WORK INSTRUCTION
Please repeat every entry, keeping each one exactly the same.

DATASET
lemma sum_complete_edges_weighted_beta_containing:
  assumes "finite V" "\<forall>i<k. simple_graph (H i) \<and> card (snd (H i)) = m"
  shows "(\<Sum>a\<in>complete_edges V. \<Sum>i<k. \<gamma> i * (\<Sum>G\<in>{G\<in>cp V (H i). a \<in> snd G}. mu_graph \<nu> G))
       = m * (\<Sum>i<k. \<gamma> i * beta V \<nu> (H i))"
proof -
  have "(\<Sum>a\<in>complete_edges V. \<Sum>i<k. \<gamma> i * (\<Sum>G\<in>{G\<in>cp V (H i). a \<in> snd G}. mu_graph \<nu> G))
      = (\<Sum>i<k. \<gamma> i * (\<Sum>a\<in>complete_edges V. \<Sum>G\<in>{G\<in>cp V (H i). a \<in> snd G}. mu_graph \<nu> G))"
    by (subst sum.swap) (simp add: sum_distrib_left)
  also have "\<dots> = m * (\<Sum>i<k. \<gamma> i * beta V \<nu> (H i))"
    using assms by (simp add: sum_complete_edges_beta_containing mult.left_commute flip: sum_distrib_left)
  finally show ?thesis .
qed

lemma mu_bar_identity_of_edge_identity:
  assumes "finite V" "\<forall>i<k. simple_graph (H i)" "x \<in> V"
    and edge: "\<And>e. e \<in> complete_edges V
      \<Longrightarrow> c * \<mu> e = (\<Sum>i<k. \<gamma> i * (\<Sum>G\<in>{G\<in>cp V (H i). e \<in> snd G}. mu_graph \<mu> G))"
  shows "c * mu_bar V \<mu> x
       = (\<Sum>i<k. \<gamma> i * (\<Sum>G\<in>{G\<in>cp V (H i). x \<in> fst G}. deg G x * mu_graph \<mu> G))"
proof -
  have "c * mu_bar V \<mu> x = (\<Sum>y\<in>V - {x}. c * \<mu> {x, y})"
    by (simp add: mu_bar_def sum_distrib_left)
  also have "\<dots> = (\<Sum>y\<in>V - {x}. \<Sum>i<k. \<gamma> i * (\<Sum>G\<in>{G\<in>cp V (H i). {x, y} \<in> snd G}. mu_graph \<mu> G))"
    using assms(3) by (intro sum.cong refl edge) (auto simp: complete_edges_def card_2_iff)
  also have "\<dots> = (\<Sum>i<k. \<gamma> i * (\<Sum>y\<in>V - {x}. \<Sum>G\<in>{G\<in>cp V (H i). {x, y} \<in> snd G}. mu_graph \<mu> G))"
    by (subst sum.swap) (simp add: sum_distrib_left)
  finally show ?thesis
    using assms(1) by (simp add: sum_neighbours_sum_graphs_containing finite_cp cp_simple_graph_on)
qed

YOUR RESPONSE
lemma sum_complete_edges_weighted_beta_containing:
  assumes "finite V" "\<forall>i<k. simple_graph (H i) \<and> card (snd (H i)) = m"
  shows "(\<Sum>a\<in>complete_edges V. \<Sum>i<k. \<gamma> i * (\<Sum>G\<in>{G\<in>cp V (H i). a \<in> snd G}. mu_graph \<nu> G))
       = m * (\<Sum>i<k. \<gamma> i * beta V \<nu> (H i))"
proof -
  have "(\<Sum>a\<in>complete_edges V. \<Sum>i<k. \<gamma> i * (\<Sum>G\<in>{G\<in>cp V (H i). a \<in> snd G}. mu_graph \<nu> G))
      = (\<Sum>i<k. \<gamma> i * (\<Sum>a\<in>complete_edges V. \<Sum>G\<in>{G\<in>cp V (H i). a \<in> snd G}. mu_graph \<nu> G))"
    by (subst sum.swap) (simp add: sum_distrib_left)
  also have "\<dots> = m * (\<Sum>i<k. \<gamma> i * beta V \<nu> (H i))"
    using assms by (simp add: sum_complete_edges_beta_containing mult.left_commute flip: sum_distrib_left)
  finally show ?thesis .
qed

lemma mu_bar_identity_of_edge_identity:
  assumes "finite V" "\<forall>i<k. simple_graph (H i)" "x \<in> V"
    and edge: "\<And>e. e \<in> complete_edges V
      \<Longrightarrow> c * \<mu> e = (\<Sum>i<k. \<gamma> i * (\<Sum>G\<in>{G\<in>cp V (H i). e \<in> snd G}. mu_graph \<mu> G))"
  shows "c * mu_bar V \<mu> x
       = (\<Sum>i<k. \<gamma> i * (\<Sum>G\<in>{G\<in>cp V (H i). x \<in> fst G}. deg G x * mu_graph \<mu> G))"
proof -
  have "c * mu_bar V \<mu> x = (\<Sum>y\<in>V - {x}. c * \<mu> {x, y})"
    by (simp add: mu_bar_def sum_distrib_left)
  also have "\<dots> = (\<Sum>y\<in>V - {x}. \<Sum>i<k. \<gamma> i * (\<Sum>G\<in>{G\<in>cp V (H i). {x, y} \<in> snd G}. mu_graph \<mu> G))"
    using assms(3) by (intro sum.cong refl edge) (auto simp: complete_edges_def card_2_iff)
  also have "\<dots> = (\<Sum>i<k. \<gamma> i * (\<Sum>y\<in>V - {x}. \<Sum>G\<in>{G\<in>cp V (H i). {x, y} \<in> snd G}. mu_graph \<mu> G))"
    by (subst sum.swap) (simp add: sum_distrib_left)
  finally show ?thesis
    using assms(1) by (simp add: sum_neighbours_sum_graphs_containing finite_cp cp_simple_graph_on)
qed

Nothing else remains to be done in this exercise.